(Dataset entries)
BEGIN

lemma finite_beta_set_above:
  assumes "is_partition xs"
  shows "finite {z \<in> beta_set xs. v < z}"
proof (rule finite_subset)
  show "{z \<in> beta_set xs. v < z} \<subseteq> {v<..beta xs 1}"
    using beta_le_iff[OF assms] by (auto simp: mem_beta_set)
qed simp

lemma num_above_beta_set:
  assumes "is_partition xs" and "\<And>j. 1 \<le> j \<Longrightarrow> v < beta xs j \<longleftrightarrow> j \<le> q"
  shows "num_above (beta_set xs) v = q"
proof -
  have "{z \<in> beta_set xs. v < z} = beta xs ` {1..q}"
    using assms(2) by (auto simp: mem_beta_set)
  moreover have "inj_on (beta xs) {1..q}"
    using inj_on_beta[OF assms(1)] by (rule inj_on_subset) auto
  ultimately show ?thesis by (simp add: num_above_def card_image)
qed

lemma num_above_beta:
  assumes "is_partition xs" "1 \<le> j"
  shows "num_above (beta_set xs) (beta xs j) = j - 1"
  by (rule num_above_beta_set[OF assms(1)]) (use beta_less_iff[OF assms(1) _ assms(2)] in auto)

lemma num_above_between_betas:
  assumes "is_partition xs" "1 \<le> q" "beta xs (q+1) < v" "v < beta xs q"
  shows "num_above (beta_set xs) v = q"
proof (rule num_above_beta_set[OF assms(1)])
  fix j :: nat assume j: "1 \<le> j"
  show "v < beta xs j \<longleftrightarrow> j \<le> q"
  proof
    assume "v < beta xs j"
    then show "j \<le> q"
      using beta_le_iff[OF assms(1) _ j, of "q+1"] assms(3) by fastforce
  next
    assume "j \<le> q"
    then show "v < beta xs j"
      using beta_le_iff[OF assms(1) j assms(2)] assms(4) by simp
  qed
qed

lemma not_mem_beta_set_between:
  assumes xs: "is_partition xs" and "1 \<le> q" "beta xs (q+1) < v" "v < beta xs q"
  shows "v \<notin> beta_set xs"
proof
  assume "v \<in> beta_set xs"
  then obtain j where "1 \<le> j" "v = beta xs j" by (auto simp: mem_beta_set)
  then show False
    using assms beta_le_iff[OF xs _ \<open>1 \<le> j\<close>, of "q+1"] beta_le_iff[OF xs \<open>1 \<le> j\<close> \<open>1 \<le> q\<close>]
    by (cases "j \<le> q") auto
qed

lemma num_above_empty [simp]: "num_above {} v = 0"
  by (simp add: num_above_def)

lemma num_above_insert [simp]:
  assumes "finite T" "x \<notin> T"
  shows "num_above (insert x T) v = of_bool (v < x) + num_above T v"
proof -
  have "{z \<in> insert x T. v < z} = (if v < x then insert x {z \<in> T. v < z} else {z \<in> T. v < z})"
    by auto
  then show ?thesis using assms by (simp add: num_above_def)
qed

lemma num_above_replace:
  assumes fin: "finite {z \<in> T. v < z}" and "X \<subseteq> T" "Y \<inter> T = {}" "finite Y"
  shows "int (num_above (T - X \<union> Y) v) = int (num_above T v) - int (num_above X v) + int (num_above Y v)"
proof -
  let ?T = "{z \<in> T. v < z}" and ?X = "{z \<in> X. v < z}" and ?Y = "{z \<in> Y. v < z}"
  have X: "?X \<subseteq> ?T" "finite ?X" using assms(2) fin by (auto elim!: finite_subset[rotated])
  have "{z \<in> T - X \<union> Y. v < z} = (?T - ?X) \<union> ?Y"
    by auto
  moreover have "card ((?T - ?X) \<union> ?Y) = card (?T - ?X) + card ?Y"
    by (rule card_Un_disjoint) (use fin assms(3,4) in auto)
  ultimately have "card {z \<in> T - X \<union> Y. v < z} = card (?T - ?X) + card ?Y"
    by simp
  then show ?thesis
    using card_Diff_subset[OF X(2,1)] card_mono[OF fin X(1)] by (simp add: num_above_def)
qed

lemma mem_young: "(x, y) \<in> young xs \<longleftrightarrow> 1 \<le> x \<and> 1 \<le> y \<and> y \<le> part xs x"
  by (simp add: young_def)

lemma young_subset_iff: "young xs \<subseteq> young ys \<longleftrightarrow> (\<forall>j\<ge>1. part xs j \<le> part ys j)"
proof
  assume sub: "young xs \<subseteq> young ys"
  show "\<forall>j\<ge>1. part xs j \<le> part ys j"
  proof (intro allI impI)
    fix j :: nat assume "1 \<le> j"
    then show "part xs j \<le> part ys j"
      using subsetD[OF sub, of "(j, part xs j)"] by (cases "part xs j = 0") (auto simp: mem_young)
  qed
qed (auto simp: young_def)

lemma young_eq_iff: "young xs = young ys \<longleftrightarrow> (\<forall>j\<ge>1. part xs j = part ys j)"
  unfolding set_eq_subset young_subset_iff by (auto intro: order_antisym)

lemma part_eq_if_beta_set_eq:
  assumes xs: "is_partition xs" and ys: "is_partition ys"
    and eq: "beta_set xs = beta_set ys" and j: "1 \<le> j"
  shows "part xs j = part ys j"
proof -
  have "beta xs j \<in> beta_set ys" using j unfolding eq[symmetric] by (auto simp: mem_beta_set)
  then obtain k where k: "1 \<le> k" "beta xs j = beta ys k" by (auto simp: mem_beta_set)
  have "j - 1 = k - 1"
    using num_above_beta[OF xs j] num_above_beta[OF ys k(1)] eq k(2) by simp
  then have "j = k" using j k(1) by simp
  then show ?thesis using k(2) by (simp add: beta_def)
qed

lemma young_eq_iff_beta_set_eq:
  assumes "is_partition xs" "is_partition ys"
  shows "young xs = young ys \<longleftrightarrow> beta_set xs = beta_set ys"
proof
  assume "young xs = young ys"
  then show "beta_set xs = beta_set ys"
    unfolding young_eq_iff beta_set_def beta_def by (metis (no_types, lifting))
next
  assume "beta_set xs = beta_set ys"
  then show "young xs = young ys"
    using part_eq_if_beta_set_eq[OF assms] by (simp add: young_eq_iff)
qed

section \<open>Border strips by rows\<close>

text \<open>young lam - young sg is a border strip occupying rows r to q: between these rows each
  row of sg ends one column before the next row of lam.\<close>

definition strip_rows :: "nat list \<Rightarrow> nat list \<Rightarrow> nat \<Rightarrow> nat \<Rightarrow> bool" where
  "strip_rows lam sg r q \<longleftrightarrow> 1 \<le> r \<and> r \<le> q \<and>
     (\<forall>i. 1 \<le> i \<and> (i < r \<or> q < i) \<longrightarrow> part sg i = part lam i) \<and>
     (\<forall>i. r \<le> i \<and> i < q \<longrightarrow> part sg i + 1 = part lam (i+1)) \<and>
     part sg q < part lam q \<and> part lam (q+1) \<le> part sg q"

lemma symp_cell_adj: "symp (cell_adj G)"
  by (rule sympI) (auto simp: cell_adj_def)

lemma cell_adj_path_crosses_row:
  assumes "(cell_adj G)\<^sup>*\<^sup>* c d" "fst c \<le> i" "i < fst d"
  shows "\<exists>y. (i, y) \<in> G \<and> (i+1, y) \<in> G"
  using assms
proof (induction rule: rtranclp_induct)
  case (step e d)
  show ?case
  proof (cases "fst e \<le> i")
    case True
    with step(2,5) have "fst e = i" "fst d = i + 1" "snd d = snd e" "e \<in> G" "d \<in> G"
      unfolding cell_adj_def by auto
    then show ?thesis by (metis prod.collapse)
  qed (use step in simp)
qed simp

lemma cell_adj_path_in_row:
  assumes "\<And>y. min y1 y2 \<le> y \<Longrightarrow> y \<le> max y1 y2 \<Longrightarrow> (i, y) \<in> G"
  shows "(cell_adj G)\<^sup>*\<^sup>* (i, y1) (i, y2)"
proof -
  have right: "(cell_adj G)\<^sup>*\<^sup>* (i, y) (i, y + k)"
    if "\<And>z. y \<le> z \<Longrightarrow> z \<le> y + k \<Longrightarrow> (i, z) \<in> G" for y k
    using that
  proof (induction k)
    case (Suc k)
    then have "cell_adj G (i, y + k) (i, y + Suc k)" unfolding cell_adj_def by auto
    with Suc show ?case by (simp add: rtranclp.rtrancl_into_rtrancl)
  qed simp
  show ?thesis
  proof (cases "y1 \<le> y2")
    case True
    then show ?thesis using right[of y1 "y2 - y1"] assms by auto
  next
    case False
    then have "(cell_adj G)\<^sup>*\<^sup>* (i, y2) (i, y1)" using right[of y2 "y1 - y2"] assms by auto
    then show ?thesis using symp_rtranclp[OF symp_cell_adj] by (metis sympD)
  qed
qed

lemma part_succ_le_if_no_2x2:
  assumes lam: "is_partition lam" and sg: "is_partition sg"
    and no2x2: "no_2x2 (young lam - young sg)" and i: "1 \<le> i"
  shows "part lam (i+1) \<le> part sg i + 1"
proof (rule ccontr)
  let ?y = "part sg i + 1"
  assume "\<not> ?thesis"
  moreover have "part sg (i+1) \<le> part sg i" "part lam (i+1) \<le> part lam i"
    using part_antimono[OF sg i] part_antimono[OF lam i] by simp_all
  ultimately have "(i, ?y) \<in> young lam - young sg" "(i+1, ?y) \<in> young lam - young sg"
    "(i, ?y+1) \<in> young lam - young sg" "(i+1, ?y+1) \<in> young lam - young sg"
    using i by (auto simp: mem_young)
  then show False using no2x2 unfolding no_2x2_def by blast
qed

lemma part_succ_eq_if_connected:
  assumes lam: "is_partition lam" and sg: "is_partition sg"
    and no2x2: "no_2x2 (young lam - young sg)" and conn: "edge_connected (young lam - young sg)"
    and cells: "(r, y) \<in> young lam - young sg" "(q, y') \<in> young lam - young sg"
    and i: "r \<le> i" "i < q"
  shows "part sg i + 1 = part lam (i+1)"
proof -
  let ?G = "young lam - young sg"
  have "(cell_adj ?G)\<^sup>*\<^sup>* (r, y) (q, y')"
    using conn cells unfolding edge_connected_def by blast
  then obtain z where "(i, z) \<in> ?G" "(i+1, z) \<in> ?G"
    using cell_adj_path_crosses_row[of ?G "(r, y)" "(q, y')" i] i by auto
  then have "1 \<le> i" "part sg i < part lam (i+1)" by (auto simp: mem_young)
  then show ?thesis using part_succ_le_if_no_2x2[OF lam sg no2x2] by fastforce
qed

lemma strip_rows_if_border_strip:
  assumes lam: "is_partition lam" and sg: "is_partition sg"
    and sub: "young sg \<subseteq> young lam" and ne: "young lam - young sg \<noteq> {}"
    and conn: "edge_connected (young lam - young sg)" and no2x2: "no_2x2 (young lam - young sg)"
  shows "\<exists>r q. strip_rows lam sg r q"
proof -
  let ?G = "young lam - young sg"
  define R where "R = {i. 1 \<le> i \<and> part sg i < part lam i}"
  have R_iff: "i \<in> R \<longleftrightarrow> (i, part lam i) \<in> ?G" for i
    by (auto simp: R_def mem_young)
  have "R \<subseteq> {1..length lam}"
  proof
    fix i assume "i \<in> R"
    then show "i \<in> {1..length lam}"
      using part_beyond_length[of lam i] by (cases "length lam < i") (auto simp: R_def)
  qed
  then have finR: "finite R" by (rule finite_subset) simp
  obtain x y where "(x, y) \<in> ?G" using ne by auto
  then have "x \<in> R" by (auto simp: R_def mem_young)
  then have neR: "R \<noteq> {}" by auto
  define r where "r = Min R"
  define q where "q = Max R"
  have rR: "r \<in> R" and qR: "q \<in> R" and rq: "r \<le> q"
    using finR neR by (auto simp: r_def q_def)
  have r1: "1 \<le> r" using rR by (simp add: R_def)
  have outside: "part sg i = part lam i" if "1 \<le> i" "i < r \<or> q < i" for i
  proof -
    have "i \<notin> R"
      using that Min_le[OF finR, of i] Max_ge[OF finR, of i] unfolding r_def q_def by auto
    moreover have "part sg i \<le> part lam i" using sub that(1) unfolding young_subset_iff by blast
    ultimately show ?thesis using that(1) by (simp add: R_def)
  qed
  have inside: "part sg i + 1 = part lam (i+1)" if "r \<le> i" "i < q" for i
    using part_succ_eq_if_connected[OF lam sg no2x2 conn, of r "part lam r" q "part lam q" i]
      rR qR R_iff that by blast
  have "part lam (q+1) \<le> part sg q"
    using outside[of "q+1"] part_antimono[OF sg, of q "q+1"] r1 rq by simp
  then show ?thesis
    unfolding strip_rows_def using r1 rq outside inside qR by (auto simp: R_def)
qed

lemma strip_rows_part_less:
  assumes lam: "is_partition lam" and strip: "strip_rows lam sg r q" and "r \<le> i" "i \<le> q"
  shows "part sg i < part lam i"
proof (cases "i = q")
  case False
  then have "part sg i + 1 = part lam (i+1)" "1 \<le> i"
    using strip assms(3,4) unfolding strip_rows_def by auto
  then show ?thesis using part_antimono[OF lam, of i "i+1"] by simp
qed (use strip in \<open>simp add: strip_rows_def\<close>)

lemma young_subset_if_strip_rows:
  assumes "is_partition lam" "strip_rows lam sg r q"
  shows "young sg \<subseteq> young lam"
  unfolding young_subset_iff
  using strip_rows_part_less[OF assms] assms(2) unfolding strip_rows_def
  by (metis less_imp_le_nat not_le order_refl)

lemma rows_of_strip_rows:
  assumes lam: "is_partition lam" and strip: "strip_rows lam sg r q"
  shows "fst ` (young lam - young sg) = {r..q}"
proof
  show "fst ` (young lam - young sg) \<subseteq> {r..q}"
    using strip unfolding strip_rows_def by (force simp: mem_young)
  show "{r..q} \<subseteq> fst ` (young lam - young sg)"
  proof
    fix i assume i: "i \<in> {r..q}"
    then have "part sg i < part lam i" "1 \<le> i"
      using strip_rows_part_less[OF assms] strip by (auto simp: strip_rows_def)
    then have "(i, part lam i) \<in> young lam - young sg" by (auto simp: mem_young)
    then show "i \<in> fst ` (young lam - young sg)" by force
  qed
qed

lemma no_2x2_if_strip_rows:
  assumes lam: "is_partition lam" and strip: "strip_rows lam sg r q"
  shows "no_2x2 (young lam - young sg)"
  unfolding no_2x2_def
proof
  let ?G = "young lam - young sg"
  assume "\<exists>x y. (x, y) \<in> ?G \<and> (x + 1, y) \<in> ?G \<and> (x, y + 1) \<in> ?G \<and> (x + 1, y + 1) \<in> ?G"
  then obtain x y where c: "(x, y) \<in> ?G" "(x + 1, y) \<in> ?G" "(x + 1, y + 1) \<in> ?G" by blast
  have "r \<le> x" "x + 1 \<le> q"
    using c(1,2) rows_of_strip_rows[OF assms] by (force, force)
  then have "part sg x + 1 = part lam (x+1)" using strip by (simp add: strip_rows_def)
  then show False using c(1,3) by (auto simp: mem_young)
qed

END
BEGIN

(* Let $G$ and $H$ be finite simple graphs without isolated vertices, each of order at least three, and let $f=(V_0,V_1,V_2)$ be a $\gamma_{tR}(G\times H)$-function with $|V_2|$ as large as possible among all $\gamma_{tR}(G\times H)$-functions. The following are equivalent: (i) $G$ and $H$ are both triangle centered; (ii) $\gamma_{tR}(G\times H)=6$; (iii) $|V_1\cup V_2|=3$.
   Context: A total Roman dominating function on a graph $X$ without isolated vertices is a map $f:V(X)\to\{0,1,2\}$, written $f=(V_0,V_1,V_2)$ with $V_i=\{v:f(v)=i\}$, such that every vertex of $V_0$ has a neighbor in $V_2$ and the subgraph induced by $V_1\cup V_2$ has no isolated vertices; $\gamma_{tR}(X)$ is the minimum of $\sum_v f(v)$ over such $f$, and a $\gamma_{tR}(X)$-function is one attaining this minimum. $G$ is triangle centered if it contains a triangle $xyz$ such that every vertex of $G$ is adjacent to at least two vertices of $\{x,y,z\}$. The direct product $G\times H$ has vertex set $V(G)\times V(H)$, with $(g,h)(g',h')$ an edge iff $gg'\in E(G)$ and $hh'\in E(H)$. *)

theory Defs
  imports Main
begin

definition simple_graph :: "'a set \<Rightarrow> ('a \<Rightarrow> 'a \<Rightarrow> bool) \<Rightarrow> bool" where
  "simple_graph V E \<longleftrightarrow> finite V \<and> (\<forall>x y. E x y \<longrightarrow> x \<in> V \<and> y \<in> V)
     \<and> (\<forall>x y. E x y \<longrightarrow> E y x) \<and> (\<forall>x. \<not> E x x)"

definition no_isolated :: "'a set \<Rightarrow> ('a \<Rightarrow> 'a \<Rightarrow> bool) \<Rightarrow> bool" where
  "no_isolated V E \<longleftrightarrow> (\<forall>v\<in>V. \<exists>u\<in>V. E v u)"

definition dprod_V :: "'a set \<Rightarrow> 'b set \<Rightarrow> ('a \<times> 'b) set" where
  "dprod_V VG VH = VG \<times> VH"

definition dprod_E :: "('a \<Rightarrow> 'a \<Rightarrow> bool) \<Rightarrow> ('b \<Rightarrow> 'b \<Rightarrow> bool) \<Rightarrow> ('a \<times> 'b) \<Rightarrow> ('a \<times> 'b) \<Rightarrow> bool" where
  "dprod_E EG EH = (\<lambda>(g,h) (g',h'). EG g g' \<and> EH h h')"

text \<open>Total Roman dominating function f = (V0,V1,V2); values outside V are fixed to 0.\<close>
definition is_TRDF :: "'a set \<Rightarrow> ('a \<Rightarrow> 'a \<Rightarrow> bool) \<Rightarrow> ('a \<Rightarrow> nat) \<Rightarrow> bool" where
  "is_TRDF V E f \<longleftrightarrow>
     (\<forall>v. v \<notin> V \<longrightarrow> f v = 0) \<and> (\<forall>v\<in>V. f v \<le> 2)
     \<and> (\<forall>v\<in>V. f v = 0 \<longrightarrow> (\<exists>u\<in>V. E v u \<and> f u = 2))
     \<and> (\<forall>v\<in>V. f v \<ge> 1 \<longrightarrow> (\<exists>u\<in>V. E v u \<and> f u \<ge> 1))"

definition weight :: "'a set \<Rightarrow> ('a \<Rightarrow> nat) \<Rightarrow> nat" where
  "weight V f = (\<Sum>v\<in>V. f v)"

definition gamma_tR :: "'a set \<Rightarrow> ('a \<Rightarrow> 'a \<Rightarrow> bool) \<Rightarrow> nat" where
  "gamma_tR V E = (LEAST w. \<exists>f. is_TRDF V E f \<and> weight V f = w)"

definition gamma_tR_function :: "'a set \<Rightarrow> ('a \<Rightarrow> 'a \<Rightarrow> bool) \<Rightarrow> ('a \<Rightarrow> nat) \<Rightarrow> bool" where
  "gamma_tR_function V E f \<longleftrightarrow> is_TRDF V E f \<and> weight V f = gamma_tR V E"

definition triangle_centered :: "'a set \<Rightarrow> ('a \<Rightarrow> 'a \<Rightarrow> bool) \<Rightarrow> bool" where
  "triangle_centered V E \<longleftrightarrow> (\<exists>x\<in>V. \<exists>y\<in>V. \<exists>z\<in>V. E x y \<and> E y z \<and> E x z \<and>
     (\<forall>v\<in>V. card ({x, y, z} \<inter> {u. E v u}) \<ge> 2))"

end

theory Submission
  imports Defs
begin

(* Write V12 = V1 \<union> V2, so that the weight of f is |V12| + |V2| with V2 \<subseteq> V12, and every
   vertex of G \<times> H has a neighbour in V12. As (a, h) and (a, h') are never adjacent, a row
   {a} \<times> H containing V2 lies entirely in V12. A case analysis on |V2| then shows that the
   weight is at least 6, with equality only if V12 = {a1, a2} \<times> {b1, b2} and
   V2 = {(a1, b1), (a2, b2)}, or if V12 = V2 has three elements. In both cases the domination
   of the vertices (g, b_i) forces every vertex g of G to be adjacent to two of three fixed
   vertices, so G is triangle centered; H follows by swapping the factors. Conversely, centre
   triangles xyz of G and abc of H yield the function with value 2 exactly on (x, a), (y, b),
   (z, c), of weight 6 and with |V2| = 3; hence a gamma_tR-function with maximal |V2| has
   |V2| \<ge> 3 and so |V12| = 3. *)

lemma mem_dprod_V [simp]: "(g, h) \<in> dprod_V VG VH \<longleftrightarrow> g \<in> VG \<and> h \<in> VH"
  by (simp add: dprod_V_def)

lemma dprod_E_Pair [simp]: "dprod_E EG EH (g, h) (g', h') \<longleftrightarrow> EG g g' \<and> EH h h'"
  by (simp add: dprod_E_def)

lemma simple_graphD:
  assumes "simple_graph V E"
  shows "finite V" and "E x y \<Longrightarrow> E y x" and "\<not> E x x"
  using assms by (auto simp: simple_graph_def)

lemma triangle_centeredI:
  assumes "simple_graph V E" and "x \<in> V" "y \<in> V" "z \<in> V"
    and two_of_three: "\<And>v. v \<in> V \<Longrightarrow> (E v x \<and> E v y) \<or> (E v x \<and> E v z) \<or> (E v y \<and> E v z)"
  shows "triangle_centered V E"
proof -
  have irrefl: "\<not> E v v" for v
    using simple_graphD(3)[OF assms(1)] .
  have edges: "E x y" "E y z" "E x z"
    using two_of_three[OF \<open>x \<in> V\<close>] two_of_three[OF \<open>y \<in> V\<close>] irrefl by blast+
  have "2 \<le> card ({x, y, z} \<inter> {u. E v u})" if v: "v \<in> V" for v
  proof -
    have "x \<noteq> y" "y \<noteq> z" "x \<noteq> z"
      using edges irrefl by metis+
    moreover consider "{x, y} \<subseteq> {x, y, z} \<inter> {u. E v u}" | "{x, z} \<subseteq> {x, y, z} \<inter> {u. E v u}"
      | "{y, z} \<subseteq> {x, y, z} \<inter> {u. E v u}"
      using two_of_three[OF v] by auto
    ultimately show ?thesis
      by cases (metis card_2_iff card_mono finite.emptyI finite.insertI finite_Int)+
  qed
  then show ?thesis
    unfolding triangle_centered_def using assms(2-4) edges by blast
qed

END
BEGIN

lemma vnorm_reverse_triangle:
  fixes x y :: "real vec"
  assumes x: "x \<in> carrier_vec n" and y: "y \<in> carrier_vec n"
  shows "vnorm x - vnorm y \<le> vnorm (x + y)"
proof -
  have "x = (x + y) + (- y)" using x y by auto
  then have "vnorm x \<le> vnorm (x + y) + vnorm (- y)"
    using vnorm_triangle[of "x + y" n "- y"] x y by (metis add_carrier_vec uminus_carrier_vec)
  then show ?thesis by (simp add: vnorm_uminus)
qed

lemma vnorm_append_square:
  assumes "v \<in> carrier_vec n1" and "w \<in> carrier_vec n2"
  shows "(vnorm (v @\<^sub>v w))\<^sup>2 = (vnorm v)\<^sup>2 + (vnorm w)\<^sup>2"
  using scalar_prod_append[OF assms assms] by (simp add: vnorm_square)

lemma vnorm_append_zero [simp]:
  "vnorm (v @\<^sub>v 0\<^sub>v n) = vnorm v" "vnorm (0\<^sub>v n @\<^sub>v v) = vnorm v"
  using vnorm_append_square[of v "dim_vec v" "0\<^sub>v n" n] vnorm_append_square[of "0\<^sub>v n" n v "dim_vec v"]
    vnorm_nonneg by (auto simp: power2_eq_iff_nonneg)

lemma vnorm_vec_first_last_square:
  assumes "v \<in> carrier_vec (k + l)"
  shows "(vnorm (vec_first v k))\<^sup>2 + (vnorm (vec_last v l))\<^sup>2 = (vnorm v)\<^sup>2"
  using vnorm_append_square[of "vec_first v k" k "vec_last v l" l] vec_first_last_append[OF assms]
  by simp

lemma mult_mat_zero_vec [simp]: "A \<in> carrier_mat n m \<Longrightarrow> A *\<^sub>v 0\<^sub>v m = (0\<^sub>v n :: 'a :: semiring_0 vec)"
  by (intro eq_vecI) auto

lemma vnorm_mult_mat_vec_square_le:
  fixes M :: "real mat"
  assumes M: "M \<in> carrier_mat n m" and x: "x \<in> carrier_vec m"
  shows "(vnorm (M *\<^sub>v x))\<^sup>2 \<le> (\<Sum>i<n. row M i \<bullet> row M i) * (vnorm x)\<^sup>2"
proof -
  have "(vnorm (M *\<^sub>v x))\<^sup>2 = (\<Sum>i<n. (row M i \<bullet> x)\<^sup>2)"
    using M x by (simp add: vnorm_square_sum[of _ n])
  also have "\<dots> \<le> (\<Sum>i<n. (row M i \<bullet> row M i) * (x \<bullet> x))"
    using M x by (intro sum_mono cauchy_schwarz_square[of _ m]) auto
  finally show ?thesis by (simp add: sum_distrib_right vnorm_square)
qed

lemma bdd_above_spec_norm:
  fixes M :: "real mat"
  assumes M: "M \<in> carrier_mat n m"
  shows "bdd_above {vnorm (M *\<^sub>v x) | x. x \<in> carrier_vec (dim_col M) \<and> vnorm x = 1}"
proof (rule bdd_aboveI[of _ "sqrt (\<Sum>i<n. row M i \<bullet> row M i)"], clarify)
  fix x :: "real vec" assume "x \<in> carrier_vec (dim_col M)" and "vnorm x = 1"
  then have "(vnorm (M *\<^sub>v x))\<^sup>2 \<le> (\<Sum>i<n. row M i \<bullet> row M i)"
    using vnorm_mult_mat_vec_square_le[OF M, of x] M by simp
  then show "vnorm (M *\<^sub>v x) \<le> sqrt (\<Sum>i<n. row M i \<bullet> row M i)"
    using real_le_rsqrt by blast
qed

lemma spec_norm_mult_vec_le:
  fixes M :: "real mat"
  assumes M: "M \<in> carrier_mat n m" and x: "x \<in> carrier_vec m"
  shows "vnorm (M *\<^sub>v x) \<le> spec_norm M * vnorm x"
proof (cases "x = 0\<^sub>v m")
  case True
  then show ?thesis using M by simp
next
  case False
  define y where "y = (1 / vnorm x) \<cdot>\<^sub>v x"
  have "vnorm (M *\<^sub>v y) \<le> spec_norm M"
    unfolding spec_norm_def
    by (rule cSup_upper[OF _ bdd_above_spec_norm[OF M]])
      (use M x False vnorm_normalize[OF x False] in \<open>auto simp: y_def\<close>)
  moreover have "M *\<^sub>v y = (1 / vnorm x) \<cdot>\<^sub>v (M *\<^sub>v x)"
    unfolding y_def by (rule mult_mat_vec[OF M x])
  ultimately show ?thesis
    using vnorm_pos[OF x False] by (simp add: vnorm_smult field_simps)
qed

END

• _The task_: In the entries above, tally the lines containing the word "fastforce" and return only the tally.

• _Result of this exercise_: 2